The rebound also reflects human capital rushing back in. Mainland professionals — quants, compliance officers, ECM bankers, technologists — are moving to the city in greater numbers, drawn by career opportunities and the promise of a more open financial architecture than they enjoy at home. Western banks have quietly rebuilt their deal teams, eager to intermediate the reopening of China’s equity story and to win mandates from firms looking to hedge geopolitical risk with multiple listings. A high‑profile pipeline — including a possible Shein flotation — keeps syndicate desks busy even as bankers caution that execution windows can be short.
There are still plenty of caveats. The Hang Seng’s leadership this year rests heavily on policy‑sensitive sectors; a misstep in stimulus, a renewed property‑market wobble or fresh geopolitical shocks could cool sentiment quickly. The IPO league tables, while flattering in the first half, can swing with a handful of U.S. tech deals or Middle Eastern privatisations. And the concentration of Hong Kong’s new issuance in Chinese names means the market is more correlated than ever to Beijing’s regulatory and macro cycles.

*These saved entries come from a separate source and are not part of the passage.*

lemma wronskian_definite:
  assumes fin: "finite R" and P: "P = smult L (\<Prod>u\<in>R. [:-u,1:])" and dQ: "degree Q < card R"
    and sign: "\<forall>t\<in>R. poly (wronskian P Q) t * \<sigma> > 0"
  shows "poly (wronskian P Q) x * \<sigma> > 0"
proof -
  define w where "w t = poly (wronskian P Q) t / (poly (cofactor R t) t)^2" for t
  have wpos: "w t * \<sigma> > 0" if "t \<in> R" for t
    using sign that cofactor_at_own_root[OF fin] by (simp add: w_def)
  have Rne: "R \<noteq> {}" using dQ by auto
  obtain t0 where t0: "t0 \<in> R" "x \<notin> R - {t0}"
    using Rne by (cases "x \<in> R") auto
  have "poly (cofactor R t0) x \<noteq> 0" using t0 fin by (simp add: poly_cofactor)
  hence "(\<Sum>t\<in>R. w t * \<sigma> * (poly (cofactor R t) x)^2) > 0"
  proof (intro sum_pos2[OF fin t0(1)])
    show "0 \<le> w t * \<sigma> * (poly (cofactor R t) x)^2" if "t \<in> R" for t
      using wpos[OF that] by simp
  qed (use wpos[OF t0(1)] in simp)
  also have "(\<Sum>t\<in>R. w t * \<sigma> * (poly (cofactor R t) x)^2) = poly (wronskian P Q) x * \<sigma>"
    by (subst wronskian_sum_of_squares[OF fin P dQ])
       (simp add: w_def poly_sum sum_distrib_left sum_distrib_right mult_ac)
  finally show ?thesis .
qed

lemma wronskian_complex_zero:
  assumes fin: "finite R" and P: "P = smult L (\<Prod>u\<in>R. [:-u,1:])" and dQ: "degree Q < card R"
    and sign: "\<forall>t\<in>R. poly (wronskian P Q) t * \<sigma> > 0"
    and z: "poly (cp (wronskian P Q)) z = 0"
  shows "Im z \<noteq> 0"
    and "(\<Sum>t\<in>R. complex_of_real (poly (wronskian P Q) t * \<sigma> / (poly (cofactor R t) t)^2)
          / (z - complex_of_real t)^2) = 0"
proof -
  show nonreal: "Im z \<noteq> 0"
  proof
    assume "Im z = 0"
    hence "z = complex_of_real (Re z)" by (simp add: complex_eq_iff)
    hence "poly (wronskian P Q) (Re z) = 0" using z poly_cp_of_real by (metis of_real_eq_0_iff)
    thus False using wronskian_definite[OF fin P dQ sign, of "Re z"] by simp
  qed
  define w where "w t = poly (wronskian P Q) t / (poly (cofactor R t) t)^2" for t
  define D where "D = (\<Prod>u\<in>R. z - complex_of_real u)"
  have nz: "z - complex_of_real u \<noteq> 0" for u using nonreal by (auto simp: complex_eq_iff)
  have D0: "D \<noteq> 0" unfolding D_def using nz fin by simp
  have cof: "poly (cp (cofactor R t)) z = D / (z - complex_of_real t)" if "t \<in> R" for t
  proof -
    have "D = (z - complex_of_real t) * (\<Prod>u\<in>R - {t}. z - complex_of_real u)"
      unfolding D_def using fin that by (simp add: prod.remove)
    thus ?thesis using nz[of t]
      by (simp add: cofactor_def cp_prod map_poly_pCons poly_prod)
  qed
  have "0 = poly (cp (wronskian P Q)) z" using z by simp
  also have "\<dots> = (\<Sum>t\<in>R. complex_of_real (w t) * (poly (cp (cofactor R t)) z)^2)"
    by (subst wronskian_sum_of_squares[OF fin P dQ])
       (simp add: w_def cp_sum cp_smult cp_power poly_sum)
  also have "\<dots> = D^2 * (\<Sum>t\<in>R. complex_of_real (w t) / (z - complex_of_real t)^2)"
    by (simp add: sum_distrib_left cof power_divide mult_ac)
  finally have "(\<Sum>t\<in>R. complex_of_real (w t) / (z - complex_of_real t)^2) = 0"
    using D0 by simp
  hence "complex_of_real \<sigma> * (\<Sum>t\<in>R. complex_of_real (w t) / (z - complex_of_real t)^2) = 0"
    by simp
  thus "(\<Sum>t\<in>R. complex_of_real (poly (wronskian P Q) t * \<sigma> / (poly (cofactor R t) t)^2)
          / (z - complex_of_real t)^2) = 0"
    unfolding sum_distrib_left w_def by (simp add: mult_ac)
qed

section \<open>Real roots forced by sign changes\<close>

lemma root_right_of_pos:
  fixes P :: "real poly"
  assumes "poly P a < 0" "lead_coeff P > 0"
  shows "\<exists>x>a. poly P x = 0"
proof -
  obtain n where n: "\<forall>x\<ge>n. poly P x \<ge> lead_coeff P"
    using poly_pinfty_gt_lc[OF assms(2)] by blast
  have "poly P (max n (a + 1)) > 0" using n assms(2) by (meson max.cobounded1 order.strict_trans2)
  moreover have "a < max n (a + 1)" by simp
  ultimately show ?thesis using poly_IVT_pos[of a "max n (a + 1)" P] assms(1) by auto
qed

lemma root_right_of:
  fixes P :: "real poly"
  assumes "poly P a * lead_coeff P < 0"
  shows "\<exists>x>a. poly P x = 0"
proof (cases "lead_coeff P > 0")
  case True
  thus ?thesis using assms root_right_of_pos by (simp add: mult_less_0_iff)
next
  case False
  hence "lead_coeff (-P) > 0" "poly (-P) a < 0" using assms by (auto simp: mult_less_0_iff)
  thus ?thesis using root_right_of_pos by fastforce
qed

Even so, dismissing the 2025 revival as a dead‑cat bounce understates the structural shifts under way. Capital‑market co‑operation between Hong Kong and the mainland has momentum and institutional backing; the Stock Connect and ETF Connect frameworks are now embedded in investor workflows; and the listing pipeline is broader, spanning clean energy, AI hardware, biotech and advanced manufacturing. Meanwhile, price matters: after a grinding bear market, valuations left room for a powerful re‑rating once policy support firmed and earnings stabilized.
The bigger question is whether finance can boom while the broader economy and civil society remain under strain. Tourism and small‑business activity have not fully recovered; the property market is still adjusting; and the political chill has not lifted. Hong Kong’s unique proposition — cosmopolitan and rule‑of‑law‑based yet integrated with China — is being recalibrated toward serving as China’s international capital‑markets gateway. That may be less “East‑meets‑West” than before, but it is a coherent and investable identity.
For investors and issuers, the takeaway is pragmatic. Hong Kong’s financial industry, written off by many after the crackdowns and legal changes, is — on the metrics that markets care about — back. The city has reclaimed the IPO fundraising lead, its benchmark equities are among this year’s top performers and the deal pipeline remains thick. The trade‑offs of the new normal are plain. So, increasingly, are the opportunities.